### What you will do
Locate, in the data below, the line that contains "(i,j) = (\<Sum>l<n." and the line that contains "unfolding defs by auto"; reproduce exactly those two lines and every line between them, nothing more.

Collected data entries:
------------

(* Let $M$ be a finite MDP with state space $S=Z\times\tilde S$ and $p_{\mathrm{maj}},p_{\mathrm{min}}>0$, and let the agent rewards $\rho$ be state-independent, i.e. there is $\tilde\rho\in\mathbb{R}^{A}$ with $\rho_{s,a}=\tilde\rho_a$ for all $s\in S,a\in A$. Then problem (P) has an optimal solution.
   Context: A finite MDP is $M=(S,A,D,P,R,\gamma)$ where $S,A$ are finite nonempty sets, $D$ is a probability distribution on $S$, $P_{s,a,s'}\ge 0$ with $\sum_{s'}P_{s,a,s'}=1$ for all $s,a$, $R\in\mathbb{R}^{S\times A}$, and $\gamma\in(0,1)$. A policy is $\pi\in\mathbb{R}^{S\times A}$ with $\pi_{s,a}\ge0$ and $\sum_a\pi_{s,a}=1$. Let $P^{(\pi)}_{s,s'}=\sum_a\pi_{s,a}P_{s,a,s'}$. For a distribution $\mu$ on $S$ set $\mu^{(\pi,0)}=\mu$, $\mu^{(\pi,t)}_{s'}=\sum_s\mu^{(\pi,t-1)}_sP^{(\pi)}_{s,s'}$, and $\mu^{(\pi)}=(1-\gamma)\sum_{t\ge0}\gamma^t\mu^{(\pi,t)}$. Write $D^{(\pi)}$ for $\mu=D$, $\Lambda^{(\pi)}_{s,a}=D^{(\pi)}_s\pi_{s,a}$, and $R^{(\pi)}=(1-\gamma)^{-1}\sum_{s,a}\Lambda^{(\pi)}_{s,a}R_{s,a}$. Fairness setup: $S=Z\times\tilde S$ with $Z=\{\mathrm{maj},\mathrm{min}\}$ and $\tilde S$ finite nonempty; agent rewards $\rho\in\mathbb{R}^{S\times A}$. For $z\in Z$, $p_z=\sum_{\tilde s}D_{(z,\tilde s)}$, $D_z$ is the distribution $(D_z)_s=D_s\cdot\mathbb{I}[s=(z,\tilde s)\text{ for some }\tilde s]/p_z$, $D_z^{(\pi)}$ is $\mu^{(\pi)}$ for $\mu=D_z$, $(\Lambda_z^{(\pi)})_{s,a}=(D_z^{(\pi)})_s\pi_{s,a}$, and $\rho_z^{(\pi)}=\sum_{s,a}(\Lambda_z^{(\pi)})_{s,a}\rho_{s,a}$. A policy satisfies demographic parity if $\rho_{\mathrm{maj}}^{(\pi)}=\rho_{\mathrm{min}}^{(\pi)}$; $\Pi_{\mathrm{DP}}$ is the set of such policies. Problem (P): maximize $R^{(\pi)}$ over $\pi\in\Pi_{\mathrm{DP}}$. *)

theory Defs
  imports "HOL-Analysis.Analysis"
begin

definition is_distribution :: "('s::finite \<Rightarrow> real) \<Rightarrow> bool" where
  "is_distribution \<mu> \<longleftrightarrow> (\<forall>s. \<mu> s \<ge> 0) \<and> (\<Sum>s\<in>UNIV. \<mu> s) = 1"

------------

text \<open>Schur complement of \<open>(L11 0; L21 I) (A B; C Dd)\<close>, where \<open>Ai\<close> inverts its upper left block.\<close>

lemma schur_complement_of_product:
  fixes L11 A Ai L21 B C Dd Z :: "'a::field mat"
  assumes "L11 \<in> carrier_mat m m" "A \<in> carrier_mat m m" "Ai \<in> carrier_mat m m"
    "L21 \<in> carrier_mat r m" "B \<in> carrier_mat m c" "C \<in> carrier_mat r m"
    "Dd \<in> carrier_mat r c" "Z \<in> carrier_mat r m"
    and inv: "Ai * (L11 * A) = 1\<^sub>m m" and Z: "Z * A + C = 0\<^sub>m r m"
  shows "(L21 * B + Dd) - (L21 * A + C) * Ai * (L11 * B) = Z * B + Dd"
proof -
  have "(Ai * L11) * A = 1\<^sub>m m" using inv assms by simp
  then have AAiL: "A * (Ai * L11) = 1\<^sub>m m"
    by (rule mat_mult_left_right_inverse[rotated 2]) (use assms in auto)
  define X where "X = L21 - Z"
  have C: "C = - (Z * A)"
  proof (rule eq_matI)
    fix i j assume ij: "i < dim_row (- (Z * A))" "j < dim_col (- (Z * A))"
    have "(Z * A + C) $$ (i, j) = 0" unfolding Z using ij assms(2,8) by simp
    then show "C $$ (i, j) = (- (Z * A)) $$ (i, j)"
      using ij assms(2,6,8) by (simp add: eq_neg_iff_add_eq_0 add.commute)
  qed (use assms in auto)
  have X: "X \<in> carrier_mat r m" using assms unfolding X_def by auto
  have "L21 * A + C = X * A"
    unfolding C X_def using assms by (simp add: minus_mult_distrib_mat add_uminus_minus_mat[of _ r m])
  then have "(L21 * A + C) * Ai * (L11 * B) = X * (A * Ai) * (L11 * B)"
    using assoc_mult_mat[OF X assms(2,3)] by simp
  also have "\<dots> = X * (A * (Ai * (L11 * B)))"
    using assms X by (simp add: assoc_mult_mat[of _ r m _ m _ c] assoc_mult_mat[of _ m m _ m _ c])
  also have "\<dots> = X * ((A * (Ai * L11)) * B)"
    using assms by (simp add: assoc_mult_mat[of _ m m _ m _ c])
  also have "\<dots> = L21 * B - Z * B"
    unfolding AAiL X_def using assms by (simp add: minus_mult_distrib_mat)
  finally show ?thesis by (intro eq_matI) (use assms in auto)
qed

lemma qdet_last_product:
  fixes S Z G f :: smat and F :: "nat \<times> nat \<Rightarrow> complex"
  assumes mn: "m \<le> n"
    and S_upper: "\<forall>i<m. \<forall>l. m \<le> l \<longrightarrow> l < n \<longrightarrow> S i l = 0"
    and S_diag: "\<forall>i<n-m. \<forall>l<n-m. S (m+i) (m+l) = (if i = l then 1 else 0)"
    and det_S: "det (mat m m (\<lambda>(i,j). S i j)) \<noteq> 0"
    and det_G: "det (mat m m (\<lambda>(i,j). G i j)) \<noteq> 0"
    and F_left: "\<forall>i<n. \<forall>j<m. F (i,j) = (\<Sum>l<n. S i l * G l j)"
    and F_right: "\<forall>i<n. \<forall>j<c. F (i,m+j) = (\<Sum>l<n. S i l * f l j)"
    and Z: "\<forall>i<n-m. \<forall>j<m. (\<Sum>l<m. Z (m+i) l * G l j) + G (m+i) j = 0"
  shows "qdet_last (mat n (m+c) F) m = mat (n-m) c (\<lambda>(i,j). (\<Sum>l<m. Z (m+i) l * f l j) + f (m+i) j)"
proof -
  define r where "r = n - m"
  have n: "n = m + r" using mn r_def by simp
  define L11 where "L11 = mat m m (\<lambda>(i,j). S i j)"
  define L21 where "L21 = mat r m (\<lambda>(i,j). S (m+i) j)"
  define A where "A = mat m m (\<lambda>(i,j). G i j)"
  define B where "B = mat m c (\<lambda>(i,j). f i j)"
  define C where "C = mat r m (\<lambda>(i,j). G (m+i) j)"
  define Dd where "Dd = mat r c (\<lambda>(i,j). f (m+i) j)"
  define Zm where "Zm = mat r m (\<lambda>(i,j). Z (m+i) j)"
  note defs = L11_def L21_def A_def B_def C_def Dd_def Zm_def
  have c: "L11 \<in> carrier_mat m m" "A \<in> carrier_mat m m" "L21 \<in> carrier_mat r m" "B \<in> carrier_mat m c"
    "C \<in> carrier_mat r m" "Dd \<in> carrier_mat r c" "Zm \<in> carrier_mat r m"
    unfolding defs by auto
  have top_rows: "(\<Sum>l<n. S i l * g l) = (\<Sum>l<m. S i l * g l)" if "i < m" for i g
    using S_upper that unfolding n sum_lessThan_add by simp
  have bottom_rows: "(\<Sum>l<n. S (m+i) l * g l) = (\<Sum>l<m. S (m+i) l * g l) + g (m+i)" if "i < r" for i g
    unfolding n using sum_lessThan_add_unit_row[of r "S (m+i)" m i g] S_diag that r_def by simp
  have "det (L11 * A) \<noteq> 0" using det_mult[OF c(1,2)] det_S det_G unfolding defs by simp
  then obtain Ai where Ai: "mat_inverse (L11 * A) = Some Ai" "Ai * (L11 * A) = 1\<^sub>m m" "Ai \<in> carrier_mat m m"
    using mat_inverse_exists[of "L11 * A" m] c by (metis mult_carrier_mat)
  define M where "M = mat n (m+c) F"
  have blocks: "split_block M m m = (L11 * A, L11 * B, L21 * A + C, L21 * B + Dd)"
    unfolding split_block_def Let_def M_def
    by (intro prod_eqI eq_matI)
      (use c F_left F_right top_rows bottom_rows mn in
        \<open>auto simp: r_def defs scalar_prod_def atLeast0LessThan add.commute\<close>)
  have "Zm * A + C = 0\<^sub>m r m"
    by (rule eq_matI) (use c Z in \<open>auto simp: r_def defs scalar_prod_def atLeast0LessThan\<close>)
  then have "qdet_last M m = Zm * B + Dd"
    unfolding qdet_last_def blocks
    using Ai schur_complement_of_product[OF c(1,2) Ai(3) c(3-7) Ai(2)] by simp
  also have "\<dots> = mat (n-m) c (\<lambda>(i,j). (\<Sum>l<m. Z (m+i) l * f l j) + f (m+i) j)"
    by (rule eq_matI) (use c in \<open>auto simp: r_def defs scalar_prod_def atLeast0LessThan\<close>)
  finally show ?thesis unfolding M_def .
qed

------------

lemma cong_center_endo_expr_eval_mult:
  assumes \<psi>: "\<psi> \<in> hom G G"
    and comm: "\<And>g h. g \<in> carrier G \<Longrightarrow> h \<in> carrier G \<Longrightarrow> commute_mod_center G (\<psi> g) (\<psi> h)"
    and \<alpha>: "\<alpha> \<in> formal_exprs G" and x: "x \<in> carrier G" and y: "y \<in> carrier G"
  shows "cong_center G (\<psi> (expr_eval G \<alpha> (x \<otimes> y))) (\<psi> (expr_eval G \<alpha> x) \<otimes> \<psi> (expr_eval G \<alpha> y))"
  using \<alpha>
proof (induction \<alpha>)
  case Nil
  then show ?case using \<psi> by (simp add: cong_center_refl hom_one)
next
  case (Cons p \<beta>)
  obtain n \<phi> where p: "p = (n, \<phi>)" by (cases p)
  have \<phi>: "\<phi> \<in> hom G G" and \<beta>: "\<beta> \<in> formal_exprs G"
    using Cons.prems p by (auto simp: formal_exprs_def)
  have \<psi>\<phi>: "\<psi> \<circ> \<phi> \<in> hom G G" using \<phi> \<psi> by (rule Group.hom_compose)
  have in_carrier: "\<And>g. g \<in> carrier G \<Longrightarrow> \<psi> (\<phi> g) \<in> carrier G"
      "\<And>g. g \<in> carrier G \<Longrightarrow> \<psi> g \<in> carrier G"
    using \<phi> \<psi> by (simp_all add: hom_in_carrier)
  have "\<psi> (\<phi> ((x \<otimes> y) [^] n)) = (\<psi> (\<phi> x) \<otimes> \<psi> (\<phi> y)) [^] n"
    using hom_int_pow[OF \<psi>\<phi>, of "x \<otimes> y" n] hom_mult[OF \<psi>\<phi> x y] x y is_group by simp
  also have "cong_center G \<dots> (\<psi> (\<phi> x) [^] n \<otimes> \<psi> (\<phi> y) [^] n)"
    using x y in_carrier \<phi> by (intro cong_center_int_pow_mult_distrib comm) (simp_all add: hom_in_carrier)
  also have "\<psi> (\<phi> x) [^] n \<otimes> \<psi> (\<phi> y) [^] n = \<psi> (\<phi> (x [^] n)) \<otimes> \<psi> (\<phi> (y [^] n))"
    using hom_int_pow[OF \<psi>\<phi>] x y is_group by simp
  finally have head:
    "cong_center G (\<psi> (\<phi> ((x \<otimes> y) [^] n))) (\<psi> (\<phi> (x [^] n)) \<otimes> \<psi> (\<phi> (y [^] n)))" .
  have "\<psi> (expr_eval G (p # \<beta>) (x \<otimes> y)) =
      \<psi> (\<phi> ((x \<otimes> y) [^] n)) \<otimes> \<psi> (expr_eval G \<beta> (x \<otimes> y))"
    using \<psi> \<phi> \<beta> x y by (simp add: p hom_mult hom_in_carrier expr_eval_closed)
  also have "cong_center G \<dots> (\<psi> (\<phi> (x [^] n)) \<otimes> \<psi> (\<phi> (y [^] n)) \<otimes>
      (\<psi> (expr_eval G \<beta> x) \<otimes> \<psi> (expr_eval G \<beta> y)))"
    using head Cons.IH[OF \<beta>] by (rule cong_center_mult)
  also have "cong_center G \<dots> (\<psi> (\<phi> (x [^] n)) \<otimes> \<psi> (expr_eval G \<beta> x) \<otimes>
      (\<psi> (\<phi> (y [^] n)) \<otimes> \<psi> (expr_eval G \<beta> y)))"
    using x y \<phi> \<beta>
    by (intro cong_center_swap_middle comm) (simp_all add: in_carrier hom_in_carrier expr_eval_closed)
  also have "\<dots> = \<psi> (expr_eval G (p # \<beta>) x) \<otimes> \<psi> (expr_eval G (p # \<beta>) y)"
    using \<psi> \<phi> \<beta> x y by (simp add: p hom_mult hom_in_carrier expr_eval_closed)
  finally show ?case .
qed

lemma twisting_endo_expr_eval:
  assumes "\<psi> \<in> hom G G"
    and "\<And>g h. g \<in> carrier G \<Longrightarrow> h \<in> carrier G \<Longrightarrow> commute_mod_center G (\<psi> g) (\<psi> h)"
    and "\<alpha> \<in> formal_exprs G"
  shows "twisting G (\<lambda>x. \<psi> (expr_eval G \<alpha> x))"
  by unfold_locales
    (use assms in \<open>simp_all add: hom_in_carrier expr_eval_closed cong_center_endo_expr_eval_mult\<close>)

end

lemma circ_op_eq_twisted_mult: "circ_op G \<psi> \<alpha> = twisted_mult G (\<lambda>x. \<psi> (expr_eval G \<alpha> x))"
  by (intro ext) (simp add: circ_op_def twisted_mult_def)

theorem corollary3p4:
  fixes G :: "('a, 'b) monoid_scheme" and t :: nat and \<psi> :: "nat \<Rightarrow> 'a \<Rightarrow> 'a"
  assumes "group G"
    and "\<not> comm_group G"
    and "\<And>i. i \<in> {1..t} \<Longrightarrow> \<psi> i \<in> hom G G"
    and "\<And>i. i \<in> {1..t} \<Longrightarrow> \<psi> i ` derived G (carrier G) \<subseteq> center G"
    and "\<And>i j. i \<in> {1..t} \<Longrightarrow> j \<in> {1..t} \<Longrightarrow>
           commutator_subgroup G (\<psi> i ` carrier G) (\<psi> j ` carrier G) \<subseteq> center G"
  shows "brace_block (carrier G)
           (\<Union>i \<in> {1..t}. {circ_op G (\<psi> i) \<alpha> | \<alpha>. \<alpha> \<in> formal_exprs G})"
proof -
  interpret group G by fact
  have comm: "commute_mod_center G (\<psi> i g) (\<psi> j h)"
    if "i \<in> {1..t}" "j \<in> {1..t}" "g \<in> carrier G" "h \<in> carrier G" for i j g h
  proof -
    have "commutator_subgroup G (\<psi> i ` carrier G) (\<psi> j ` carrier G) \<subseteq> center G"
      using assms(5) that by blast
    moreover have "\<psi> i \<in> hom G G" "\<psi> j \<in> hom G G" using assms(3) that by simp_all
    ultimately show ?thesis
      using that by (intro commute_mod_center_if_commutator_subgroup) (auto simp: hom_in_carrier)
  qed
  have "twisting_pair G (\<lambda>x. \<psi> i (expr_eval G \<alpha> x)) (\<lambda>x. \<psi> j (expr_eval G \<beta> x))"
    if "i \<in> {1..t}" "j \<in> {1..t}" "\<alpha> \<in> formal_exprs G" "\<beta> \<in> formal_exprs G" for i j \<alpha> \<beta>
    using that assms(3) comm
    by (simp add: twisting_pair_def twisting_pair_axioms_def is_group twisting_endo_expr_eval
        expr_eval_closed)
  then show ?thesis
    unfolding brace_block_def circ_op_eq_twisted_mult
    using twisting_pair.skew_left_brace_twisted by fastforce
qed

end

------------

### Answer space
    and F_left: "\<forall>i<n. \<forall>j<m. F (i,j) = (\<Sum>l<n. S i l * G l j)"
    and F_right: "\<forall>i<n. \<forall>j<c. F (i,m+j) = (\<Sum>l<n. S i l * f l j)"
    and Z: "\<forall>i<n-m. \<forall>j<m. (\<Sum>l<m. Z (m+i) l * G l j) + G (m+i) j = 0"
  shows "qdet_last (mat n (m+c) F) m = mat (n-m) c (\<lambda>(i,j). (\<Sum>l<m. Z (m+i) l * f l j) + f (m+i) j)"
proof -
  define r where "r = n - m"
  have n: "n = m + r" using mn r_def by simp
  define L11 where "L11 = mat m m (\<lambda>(i,j). S i j)"
  define L21 where "L21 = mat r m (\<lambda>(i,j). S (m+i) j)"
  define A where "A = mat m m (\<lambda>(i,j). G i j)"
  define B where "B = mat m c (\<lambda>(i,j). f i j)"
  define C where "C = mat r m (\<lambda>(i,j). G (m+i) j)"
  define Dd where "Dd = mat r c (\<lambda>(i,j). f (m+i) j)"
  define Zm where "Zm = mat r m (\<lambda>(i,j). Z (m+i) j)"
  note defs = L11_def L21_def A_def B_def C_def Dd_def Zm_def
  have c: "L11 \<in> carrier_mat m m" "A \<in> carrier_mat m m" "L21 \<in> carrier_mat r m" "B \<in> carrier_mat m c"
    "C \<in> carrier_mat r m" "Dd \<in> carrier_mat r c" "Zm \<in> carrier_mat r m"
    unfolding defs by auto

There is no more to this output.